Official Note: Readers are advised to remember who recommended this venue.
“I don’t believe that the rhododendrons are blooming,” I thought.
Official Note (from Nazy): Readers should be aware that Dan’s ‘thought’ was left unspoken.
Undaunted by the plethora of official notes I remembered that: “We will get a chance to revel in the cheerful cacophony of frogs. Remember last time?”
“It was frog mating season.”
“That’s right. Lots of excitement in the pond.”
And, with that, we prepared to depart. I used the time that Nazy spent deciding what to wear to solve the Riemann hypothesis. After getting dressed, she changed her mind, so I used the additional time to manually examine the latest results from the Large Hadron Collider (LHC) at CERN and “unambiguously detect the Higgs Boson,” I thought.

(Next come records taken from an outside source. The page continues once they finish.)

text \<open>Functions in \<open>C\<^sub>b\<^sup>\<infinity>\<close> are bounded and (being differentiable, hence continuous) Borel.\<close>
lemma Cb_inf_measurable_bounded:
  fixes f :: "'a::euclidean_space \<Rightarrow> real"
  assumes "f \<in> Cb_inf"
  shows "f \<in> borel_measurable lborel" and "\<exists>Kf. \<forall>x. \<bar>f x\<bar> \<le> Kf"
proof -
  have "(\<forall>x. iter_dderiv [] f differentiable (at x)) \<and> bounded (range (iter_dderiv [] f))"
    using assms unfolding Cb_inf_def by blast
  then have fd: "\<And>x. f differentiable (at x)" and fb: "bounded (range f)"
    by auto
  have "continuous_on UNIV f"
    using fd by (meson continuous_at_imp_continuous_on differentiable_imp_continuous_within)
  then show "f \<in> borel_measurable lborel"
    using borel_measurable_continuous_onI by simp
  show "\<exists>Kf. \<forall>x. \<bar>f x\<bar> \<le> Kf"
    using fb unfolding bounded_iff by auto
qed

lemma theorem_integrand_eq:
  "(f x - mu2V V f)\<^sup>2 * exp (V x) * gamma_fn \<psi> (norm x) * exp (-2 * V x) / (\<integral>y. exp (-2 * V y) \<partial>lborel)
     = (f x - mu2V V f)\<^sup>2 * weight \<psi> V x"
proof -
  have rearrange: "a * b * g * c / Z = a * (g * (b * c) / Z)" for a b g c Z :: real
    by (simp add: ac_simps)
  have "exp (V x) * exp (-2 * V x) = exp (- V x)"
    by (simp add: mult_exp_exp)
  then show ?thesis
    unfolding weight_def partition_fn_def rearrange by simp
qed

theorem theorem5p1:
  fixes V :: "'a::euclidean_space \<Rightarrow> real" and \<psi> :: "real \<Rightarrow> real" and \<alpha>\<^sub>0 :: real
  assumes V_meas: "V \<in> borel_measurable lborel"
    and V_locbdd: "\<And>K. compact K \<Longrightarrow> bounded (V ` K)"
    and V_expbdd: "bounded (range (\<lambda>x. exp (- V x)))"
    and V_int: "integrable lborel (\<lambda>x. exp (- V x))"
    and psi_cont: "continuous_on {0<..} \<psi>"
    and psi_pos: "\<And>r. r > 0 \<Longrightarrow> \<psi> r > 0"
    and psi_int1: "set_integrable lborel {0<..}
                     (\<lambda>r. \<psi> r * min 1 (r^2) * r ^ (DIM('a) - 1))"
    and psi_int2: "set_integrable lborel {0<..1} (\<lambda>r. r ^ (DIM('a) - 1) / \<psi> r)"
    and gamma_pos: "\<And>r. r > 0 \<Longrightarrow> gamma_fn \<psi> r > 0"
    and V_gamma_int: "set_integrable lborel {x. norm x \<ge> 1}
                     (\<lambda>x. exp (-3 * V x) / gamma_fn \<psi> (norm x))"
    and alpha0: "0 < \<alpha>\<^sub>0" "\<alpha>\<^sub>0 < 1"
    and psi_int3: "set_integrable lborel {1..}
                     (\<lambda>r. r powr (real (DIM('a)) + \<alpha>\<^sub>0 - 1) * \<psi> r)"
    and limsup0: "Limsup at_infinity
                    (\<lambda>x::'a. ereal ((SUP z\<in>{z. norm z \<ge> norm x}. exp (- V z))
                          / (gamma_fn \<psi> (norm x) * norm x powr \<alpha>\<^sub>0))) = 0"
  shows "\<exists>C1>0. \<forall>f\<in>Cb_inf.
           (\<integral>\<^sup>+x. ennreal ((f x - mu2V V f)^2 * exp (V x) * gamma_fn \<psi> (norm x)
                 * exp (-2 * V x) / (\<integral>y. exp (-2 * V y) \<partial>lborel)) \<partial>lborel)
           \<le> ennreal C1 * D_form \<psi> V f"
proof -
  obtain C1 where C1: "C1 > 0"
    and poincare: "\<And>f Kf. f \<in> borel_measurable lborel \<Longrightarrow> (\<And>x. \<bar>f x\<bar> \<le> Kf) \<Longrightarrow>
        (\<integral>\<^sup>+x. ennreal ((f x - mu2V V f)\<^sup>2 * weight \<psi> V x) \<partial>lborel) \<le> ennreal C1 * D_form \<psi> V f"
    using weighted_poincare[OF V_meas V_locbdd V_expbdd V_int psi_cont psi_pos gamma_pos V_gamma_int]
    by blast
  show ?thesis
  proof (intro exI[of _ C1] conjI ballI C1)
    fix f :: "'a \<Rightarrow> real" assume f: "f \<in> Cb_inf"
    obtain Kf where fb: "\<And>x. \<bar>f x\<bar> \<le> Kf"
      using Cb_inf_measurable_bounded(2)[OF f] by blast
    have "(\<integral>\<^sup>+x. ennreal ((f x - mu2V V f)\<^sup>2 * weight \<psi> V x) \<partial>lborel) \<le> ennreal C1 * D_form \<psi> V f"
      using poincare[OF Cb_inf_measurable_bounded(1)[OF f] fb] .
    then show "(\<integral>\<^sup>+x. ennreal ((f x - mu2V V f)^2 * exp (V x) * gamma_fn \<psi> (norm x)
                 * exp (-2 * V x) / (\<integral>y. exp (-2 * V y) \<partial>lborel)) \<partial>lborel)
           \<le> ennreal C1 * D_form \<psi> V f"
      by (simp only: theorem_integrand_eq)
  qed
qed

end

[Nazy, reading an early draft of this epistle, complained. She noted that the Riemann hypothesis has been unsolved since the mid-1800s and that multiple supercomputers are required to analyze results from the LHC. “No one will believe that you had the mental dexterity to solve these problems while I was getting dressed.” I explained that that was not my purpose. “Quite simply, my dear, I am using written narrative to convey the amount of time that I had available for this purpose.”]
Eventually (really eventually), Nazy was ready. But.
“Now it is too late for us to go,” she said.
“It’s a short drive,” I replied. “I wonder why we’re running late,” I thought.
“It will take two hours to get there,” Nazy opined.
“It will take twenty minutes,” I replied.
“You are wrong. It will take longer,” Nazy retorted.
In the end I prevailed. We arrived at Seleger Moor in 22 minutes.
“See?” Nazy said. “I told you it would take more than twenty minutes.”
We saw ferns. No rhododendrons No frogs. No azaleas.
It was, Nazy complained, a color-free trip to a flower garden.
“Color-free, my dear?” I replied. “I beg to differ.”
“What?”
“Have you looked at the pants you’re wearing?”
“Well...”
“Those pants make my polka-dot dress trousers look dull.”
“Dan..”
“Visitors, who like us, came because they thought that the flowers would be in bloom, are taking your picture. They’ll go home happy because of your outfit. People will ...”
“That’s enough Dan.”
We drove back by way of a Wildlife refuge. (The sign said that we shouldn’t feed the deer.) Then we took the ferry back across Lake Zürich.
On a completely different note, Nazy and I also discussed the tricky economic situation: The Great Recession. In Europe. citizens, weary of the non-existent recovery. are dumping incumbents left, right and center. In France, the left will probably replace the right, in Spain, the right has replaced the left and in Greece, the (inept) center collapsed.
“There is,” I explained to Nazy, “a solution.”
“Yes?”
“A tax on stupidity. Consider, for example, Petra Ecclestone.”
“Isn’t Petra an archeological site in Jordan?”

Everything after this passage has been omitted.